Report, as a bare number, how many lines of the entries below contain "cases".
::: Data for this exercise :::
lemma bump_power_le:
  fixes d :: int
  assumes R: "1 < R" and \<rho>: "0 < \<rho>" "\<rho> \<le> R powr (1/r)" "\<rho> \<le> R powr (1 - 1/r)"
  shows "bump r (R powr d) \<le> (1/\<rho>) ^ nat \<bar>d\<bar>"
proof -
  have geometric: "\<rho> powr (- real n) = (1/\<rho>) ^ n" for n
    using \<rho> by (simp add: powr_minus powr_realpow power_one_over inverse_eq_divide)
  show ?thesis
  proof (cases "0 \<le> d")
    case True
    have "bump r (R powr d) \<le> (R powr d) powr (1/r - 1)" by (simp add: bump_def)
    also have "\<dots> = (R powr (1 - 1/r)) powr (- d)" by (simp add: powr_powr algebra_simps)
    also have "\<dots> \<le> \<rho> powr (- d)" using True \<rho> by (intro powr_mono2') auto
    finally show ?thesis using True geometric[of "nat d"] by simp
  next
    case False
    have "bump r (R powr d) \<le> (R powr d) powr (1/r)" by (simp add: bump_def)
    also have "\<dots> = (R powr (1/r)) powr d" by (simp add: powr_powr mult.commute)
    also have "\<dots> \<le> \<rho> powr d" using False \<rho> by (intro powr_mono2') auto
    finally show ?thesis using False geometric[of "nat (- d)"] by simp
  qed
qed

lemma sum_bump_geometric_le:
  assumes r: "0 < r" and R: "1 < R" and \<rho>: "2 \<le> \<rho>" "\<rho> \<le> R powr (1/r)" "\<rho> \<le> R powr (1 - 1/r)"
    and t: "0 < t"
  shows "(\<Sum>j<N. bump r (R ^ j * t)) \<le> 3 * R powr (1/r)"
proof -
  define m where "m = \<lfloor>log R t\<rfloor>"
  define s where "s = t / R powr m"
  have "R powr m \<le> R powr (log R t)" using R by (intro powr_mono) (auto simp: m_def)
  moreover have "R powr (log R t) < R powr (m + 1)" using R by (intro powr_less_mono) (auto simp: m_def)
  ultimately have s: "1 \<le> s" "s \<le> R" using R t by (simp_all add: s_def field_simps powr_add)
  have "bump r (R ^ j * t) \<le> R powr (1/r) * (1/\<rho>) ^ nat \<bar>int j - (- m)\<bar>" for j
  proof -
    have "R ^ j * t = s * R powr (of_int (int j + m))"
      using R by (simp add: s_def powr_add powr_realpow[symmetric])
    then have "bump r (R ^ j * t) \<le> s powr (1/r) * bump r (R powr (of_int (int j + m)))"
      using s R by (simp add: bump_mult_le)
    also have "\<dots> \<le> R powr (1/r) * (1/\<rho>) ^ nat \<bar>int j + m\<bar>"
      using s r R \<rho> by (intro mult_mono powr_mono2 bump_power_le bump_nonneg) auto
    finally show ?thesis by simp
  qed
  then have "(\<Sum>j<N. bump r (R ^ j * t)) \<le> R powr (1/r) * (\<Sum>j<N. (1/\<rho>) ^ nat \<bar>int j - (- m)\<bar>)"
    by (simp add: sum_distrib_left sum_mono)
  also have "\<dots> \<le> R powr (1/r) * ((1 + 1/\<rho>) / (1 - 1/\<rho>))"
    using \<rho> by (intro mult_left_mono sum_power_abs_diff_le) auto
  also have "\<dots> \<le> R powr (1/r) * 3"
    using \<rho> by (intro mult_left_mono) (auto simp: field_simps)
  finally show ?thesis by simp
qed

lemma nn_integral_bump_le:
  assumes r: "1 < r"
  shows "(\<integral>\<^sup>+ y. indicator {0<..} y * ennreal (bump r y / y) \<partial>lborel) \<le> ennreal (r + r / (r - 1))"
proof -
  have "indicator {0<..} y * ennreal (bump r y / y)
      \<le> ennreal (y powr (1/r - 1)) * indicator {0..1} y + ennreal (y powr (1/r - 2)) * indicator {1..} y"
    for y :: real
  proof (cases "0 < y")
    case True
    have "bump r y / y \<le> (if y \<le> 1 then y powr (1/r) else y powr (1/r - 1)) / y"
      using True by (intro divide_right_mono) (auto simp: bump_def)
    also have "\<dots> = (if y \<le> 1 then y powr (1/r - 1) else y powr (1/r - 2))"
      using True by (simp add: powr_diff power2_eq_square)
    finally have "ennreal (bump r y / y) \<le> ennreal (if y \<le> 1 then y powr (1/r - 1) else y powr (1/r - 2))"
      by (rule ennreal_leI)
    also have "\<dots> \<le> ennreal (y powr (1/r - 1)) * indicator {0..1} y + ennreal (y powr (1/r - 2)) * indicator {1..} y"
      using True by (cases "y \<le> 1") (auto simp: indicator_def intro: add_increasing2)
    finally show ?thesis using True by simp
  qed simp
  then have "(\<integral>\<^sup>+ y. indicator {0<..} y * ennreal (bump r y / y) \<partial>lborel)
      \<le> (\<integral>\<^sup>+ y. ennreal (y powr (1/r - 1)) * indicator {0..1} y \<partial>lborel)
        + (\<integral>\<^sup>+ y. ennreal (y powr (1/r - 2)) * indicator {1..} y \<partial>lborel)"
    by (subst nn_integral_add[symmetric]) (auto intro: nn_integral_mono)
  also have "(\<integral>\<^sup>+ y. ennreal (y powr (1/r - 1)) * indicator {0..1} y \<partial>lborel) = ennreal r"
    using has_integral_powr_from_0[of "1/r - 1" 1] r by (subst nn_integral_has_integral_lebesgue') auto
  also have "(\<integral>\<^sup>+ y. ennreal (y powr (1/r - 2)) * indicator {1..} y \<partial>lborel) = ennreal (r / (r - 1))"
  proof -
    have "- (1 powr (1/r - 2 + 1)) / (1/r - 2 + 1) = r / (r - 1)" using r by (simp add: field_simps)
    then show ?thesis using has_integral_powr_to_inf[of "1/r - 2" 1] r
      by (subst nn_integral_has_integral_lebesgue') auto
  qed
  finally show ?thesis using r by simp
qed

lemma powr_weighted_bump_sum_le:
  fixes w \<mu> :: "nat \<Rightarrow> real"
  assumes q: "1 \<le> q" and w: "\<And>j. 0 \<le> w j" and G: "(\<Sum>j<N. bump r (\<mu> j * t)) \<le> G" and t: "0 < t"
  shows "(\<Sum>j<N. w j * bump r (\<mu> j * t)) powr q / t
    \<le> (\<Sum>j<N. G powr (q - 1) * w j powr q * (bump r (\<mu> j * t) / t))"
proof -
  have "(\<Sum>j<N. w j * bump r (\<mu> j * t)) powr q
      \<le> (\<Sum>j<N. bump r (\<mu> j * t)) powr (q - 1) * (\<Sum>j<N. w j powr q * bump r (\<mu> j * t))"
    using w q by (intro weighted_sum_powr_le) (auto simp: bump_nonneg)
  also have "\<dots> \<le> G powr (q - 1) * (\<Sum>j<N. w j powr q * bump r (\<mu> j * t))"
    using G q by (intro mult_right_mono powr_mono2 sum_nonneg) (auto simp: bump_nonneg)
  finally have "(\<Sum>j<N. w j * bump r (\<mu> j * t)) powr q / t
      \<le> G powr (q - 1) * (\<Sum>j<N. w j powr q * bump r (\<mu> j * t)) / t"
    using t by (simp add: divide_right_mono)
  also have "\<dots> = (\<Sum>j<N. G powr (q - 1) * w j powr q * (bump r (\<mu> j * t) / t))"
    by (simp add: sum_divide_distrib sum_distrib_left mult_ac)
  finally show ?thesis .
qed

lemma nn_integral_bump_sum_powr_le:
  fixes w \<mu> :: "nat \<Rightarrow> real"
  assumes r: "1 < r" and q: "1 \<le> q" and \<mu>: "\<And>j. 0 < \<mu> j" and w: "\<And>j. 0 \<le> w j"
    and G: "\<And>t. 0 < t \<Longrightarrow> (\<Sum>j<N. bump r (\<mu> j * t)) \<le> G"
  shows "(\<integral>\<^sup>+ t. indicator {0<..} t * ennreal ((\<Sum>j<N. w j * bump r (\<mu> j * t)) powr q / t) \<partial>lborel)
    \<le> ennreal (G powr (q - 1) * (r + r / (r - 1)) * (\<Sum>j<N. w j powr q))"
proof -
  define a where "a j = G powr (q - 1) * w j powr q" for j
  have a: "0 \<le> a j" for j by (simp add: a_def)
  have pointwise: "(\<Sum>j<N. w j * bump r (\<mu> j * t)) powr q / t \<le> (\<Sum>j<N. a j * (bump r (\<mu> j * t) / t))"
    if t: "0 < t" for t
    unfolding a_def using powr_weighted_bump_sum_le[OF q w G[OF t] t] .
  have "(\<integral>\<^sup>+ t. indicator {0<..} t * ennreal ((\<Sum>j<N. w j * bump r (\<mu> j * t)) powr q / t) \<partial>lborel)
      \<le> (\<integral>\<^sup>+ t. (\<Sum>j<N. ennreal (a j) * (indicator {0<..} t * ennreal (bump r (\<mu> j * t) / t))) \<partial>lborel)"
  proof (rule nn_integral_mono)
    fix t :: real
    show "indicator {0<..} t * ennreal ((\<Sum>j<N. w j * bump r (\<mu> j * t)) powr q / t)
        \<le> (\<Sum>j<N. ennreal (a j) * (indicator {0<..} t * ennreal (bump r (\<mu> j * t) / t)))"
    proof (cases "0 < t")
      case True
      have "ennreal ((\<Sum>j<N. w j * bump r (\<mu> j * t)) powr q / t) \<le> ennreal (\<Sum>j<N. a j * (bump r (\<mu> j * t) / t))"
        using pointwise[OF True] by (rule ennreal_leI)
      also have "\<dots> = (\<Sum>j<N. ennreal (a j) * ennreal (bump r (\<mu> j * t) / t))"
        using True a by (subst sum_ennreal[symmetric]) (auto simp: bump_nonneg ennreal_mult'[symmetric])
      finally show ?thesis using True by simp
    qed simp
  qed
  also have "\<dots> = (\<Sum>j<N. ennreal (a j) * (\<integral>\<^sup>+ y. indicator {0<..} y * ennreal (bump r y / y) \<partial>lborel))"
    using \<mu> by (simp add: nn_integral_sum nn_integral_cmult nn_integral_dilation_invariant)
  also have "\<dots> \<le> (\<Sum>j<N. ennreal (a j) * ennreal (r + r / (r - 1)))"
    by (intro sum_mono mult_left_mono nn_integral_bump_le[OF r]) auto
  also have "\<dots> = (\<Sum>j<N. ennreal (a j * (r + r / (r - 1))))"
    using a by (intro sum.cong refl ennreal_mult'[symmetric]) auto
  also have "\<dots> = ennreal (\<Sum>j<N. a j * (r + r / (r - 1)))"
    using a r by (intro sum_ennreal) auto
  also have "(\<Sum>j<N. a j * (r + r / (r - 1))) = G powr (q - 1) * (r + r / (r - 1)) * (\<Sum>j<N. w j powr q)"
    by (simp add: a_def sum_distrib_left mult_ac)
  finally show ?thesis .
qed

lemma lorentz_integral_le_bump_sum:
  fixes w \<mu> :: "nat \<Rightarrow> real"
  assumes r: "1 < r" and q: "1 \<le> q" and \<mu>: "\<And>j. 0 < \<mu> j" and w: "\<And>j. 0 \<le> w j"
    and g: "\<And>x. 0 < x \<Longrightarrow> \<bar>g x\<bar> \<le> (\<Sum>j<N. w j * \<mu> j powr (1/r) * min 1 (1 / (\<mu> j * x)))"
    and G: "\<And>x. 0 < x \<Longrightarrow> (\<Sum>j<N. bump r (\<mu> j * x)) \<le> G"
  shows "lorentz_integral r q g \<le> ennreal (G powr (q - 1) * (r + r / (r - 1)) * (\<Sum>j<N. w j powr q))"
proof -
  define H where "H x = (\<Sum>j<N. w j * \<mu> j powr (1/r) * min 1 (1 / (\<mu> j * x)))" for x
  have "rearr g t \<le> ennreal (H t)" if "0 < t" for t
  proof (rule rearr_le_antimono_majorant[OF _ g[folded H_def] that])
    fix x y :: real assume "0 < x" "x \<le> y"
    then show "H y \<le> H x"
      using \<mu> w unfolding H_def by (intro sum_mono mult_left_mono min.mono frac_le) (auto intro: less_imp_le)
  qed
  then have "lorentz_integral r q g
      \<le> (\<integral>\<^sup>+ t. indicator {0<..} t * ennreal ((t powr (1/r) * H t) powr q / t) \<partial>lborel)"
  proof (rule lorentz_integral_le_of_rearr_le)
    show "0 \<le> H x" if "0 < x" for x
      using that \<mu>[THEN less_imp_le] w by (auto simp: H_def intro!: sum_nonneg mult_nonneg_nonneg)
  qed (use q in auto)
  also have "\<dots> = (\<integral>\<^sup>+ t. indicator {0<..} t * ennreal ((\<Sum>j<N. w j * bump r (\<mu> j * t)) powr q / t) \<partial>lborel)"
    using \<mu> by (intro nn_integral_cong)
      (simp add: H_def indicator_def bump_eq powr_mult sum_distrib_left mult_ac)
  also have "\<dots> \<le> ennreal (G powr (q - 1) * (r + r / (r - 1)) * (\<Sum>j<N. w j powr q))"
    by (rule nn_integral_bump_sum_powr_le[OF r q \<mu> w G])
  finally show ?thesis .
qed

section \<open>Lacunary blocks and their Laplace transforms\<close>

locale laplace_blocks =
  fixes p :: real
  assumes p_gt_1: "1 < p"
begin

definition p' :: real where "p' = p / (p - 1)"

lemma p'_gt_1: "1 < p'"
  using p_gt_1 by (simp add: p'_def)

lemma inverse_p': "1 / p' = 1 - 1/p"
  using p_gt_1 by (simp add: p'_def field_simps)

lemma one_minus_inverse_p': "1 - 1/p' = 1/p"
  by (simp add: inverse_p')

text \<open>With \<open>ratio powr (1/p)\<close> and \<open>ratio powr (1/p')\<close> at least 1000, the interaction between
  different blocks decays like \<open>(1/1000) ^ \<bar>j - k\<bar>\<close>, small enough for \<open>sum_powr_le_almost_diagonal\<close>.\<close>

definition ratio :: real where "ratio = 1000 powr (p * p')"

lemma ratio_powr_inverse_p: "1000 \<le> ratio powr (1/p)"
  and ratio_powr_inverse_p': "1000 \<le> ratio powr (1/p')"
proof -
  have "ratio powr (1/p) = 1000 powr p'" "ratio powr (1/p') = 1000 powr p"
    using p_gt_1 p'_gt_1 by (simp_all add: ratio_def powr_powr)
  then show "1000 \<le> ratio powr (1/p)" "1000 \<le> ratio powr (1/p')"
    using p_gt_1 p'_gt_1 powr_mono[of 1 _ "1000::real"] by auto
qed
lemma sum_noisy_post_margin_pos_le:
  assumes "1 \<le> K"
    and "\<And>i j. i \<in> {1..K} \<Longrightarrow> j \<in> {1..K} \<Longrightarrow> 0 \<le> p i j"
    and "\<And>j. j \<in> {1..K} \<Longrightarrow> 0 \<le> \<eta> j x"
  shows "(\<Sum>i=1..K. noisy_post p \<eta> K i x * indicator {0<..} (margin Q K x i))
           \<le> max_row_sum p K * max_posterior \<eta> K x"
proof (cases "\<exists>i\<in>{1..K}. 0 < margin Q K x i")
  case True
  then obtain i where i: "i \<in> {1..K}" "0 < margin Q K x i" by blast
  have "(\<Sum>i=1..K. noisy_post p \<eta> K i x * indicator {0<..} (margin Q K x i))
      = (\<Sum>i\<in>{i}. noisy_post p \<eta> K i x * indicator {0<..} (margin Q K x i))"
    using i(1) margin_nonpos_if_other_margin_pos[OF i(1) _ _ i(2)]
    by (intro sum.mono_neutral_right) (auto simp: indicator_def not_less[symmetric])
  also have "\<dots> = noisy_post p \<eta> K i x" using i(2) by simp
  also have "\<dots> \<le> max_row_sum p K * max_posterior \<eta> K x"
    using i(1) assms by (intro noisy_post_le_max_row_sum max_posterior_nonneg) auto
  finally show ?thesis .
next
  case False
  then have "(\<Sum>i=1..K. noisy_post p \<eta> K i x * indicator {0<..} (margin Q K x i)) = 0"
    by (intro sum.neutral) auto
  moreover have "0 \<le> max_row_sum p K" "0 \<le> max_posterior \<eta> K x"
    using assms by (auto intro: max_row_sum_nonneg max_posterior_nonneg)
  ultimately show ?thesis by simp
qed

lemma (in prob_space) integrable_max_posterior:
  assumes [measurable]: "X \<in> borel_measurable M"
    and \<eta>_meas: "\<And>j. j \<in> {1..K} \<Longrightarrow> \<eta> j \<in> borel_measurable borel"
    and "1 \<le> K" "\<And>j x. j \<in> {1..K} \<Longrightarrow> 0 \<le> \<eta> j x" "\<And>x. (\<Sum>j=1..K. \<eta> j x) = 1"
  shows "integrable M (\<lambda>\<omega>. max_posterior \<eta> K (X \<omega>))"
proof (rule integrable_const_bound[where B = 1])
  have "max_posterior \<eta> K \<in> borel_measurable borel"
    unfolding max_posterior_def[abs_def] by (intro borel_measurable_Max \<eta>_meas) auto
  then show "(\<lambda>\<omega>. max_posterior \<eta> K (X \<omega>)) \<in> borel_measurable M" by measurable
  show "AE \<omega> in M. norm (max_posterior \<eta> K (X \<omega>)) \<le> 1"
  proof (intro AE_I2)
    fix \<omega>
    have "0 \<le> max_posterior \<eta> K (X \<omega>)" "max_posterior \<eta> K (X \<omega>) \<le> 1"
      using assms(3-5) by (auto intro!: max_posterior_nonneg max_posterior_le_1)
    then show "norm (max_posterior \<eta> K (X \<omega>)) \<le> 1" by simp
  qed
qed

lemma (in prob_space) bayes_risk_eq:
  assumes "integrable M (\<lambda>\<omega>. max_posterior \<eta> K (X \<omega>))"
  shows "bayes_risk M X \<eta> K = 1 - (\<integral>\<omega>. max_posterior \<eta> K (X \<omega>) \<partial>M)"
  using assms by (simp add: bayes_risk_def max_posterior_def prob_space)

lemma (in prob_space) prob_margin_pos_le:
  assumes law: "prob {\<omega> \<in> space M. 0 < Z \<omega>}
      = (\<integral>\<omega>. (\<Sum>i=1..K. noisy_post p \<eta> K i (X \<omega>) * indicator {0<..} (margin Q K (X \<omega>) i)) \<partial>M)"
    and "integrable M (\<lambda>\<omega>. max_posterior \<eta> K (X \<omega>))" "1 \<le> K"
    and "\<And>i j. i \<in> {1..K} \<Longrightarrow> j \<in> {1..K} \<Longrightarrow> 0 \<le> p i j"
    and "\<And>j x. j \<in> {1..K} \<Longrightarrow> 0 \<le> \<eta> j x"
  shows "prob {\<omega> \<in> space M. 0 < Z \<omega>} \<le> max_row_sum p K * (\<integral>\<omega>. max_posterior \<eta> K (X \<omega>) \<partial>M)"
proof -
  have "prob {\<omega> \<in> space M. 0 < Z \<omega>} \<le> (\<integral>\<omega>. max_row_sum p K * max_posterior \<eta> K (X \<omega>) \<partial>M)"
    unfolding law using assms(2-)
    by (intro integral_mono' sum_noisy_post_margin_pos_le mult_nonneg_nonneg
        max_row_sum_nonneg max_posterior_nonneg) auto
  then show ?thesis by simp
qed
:::
Finished exercise:
5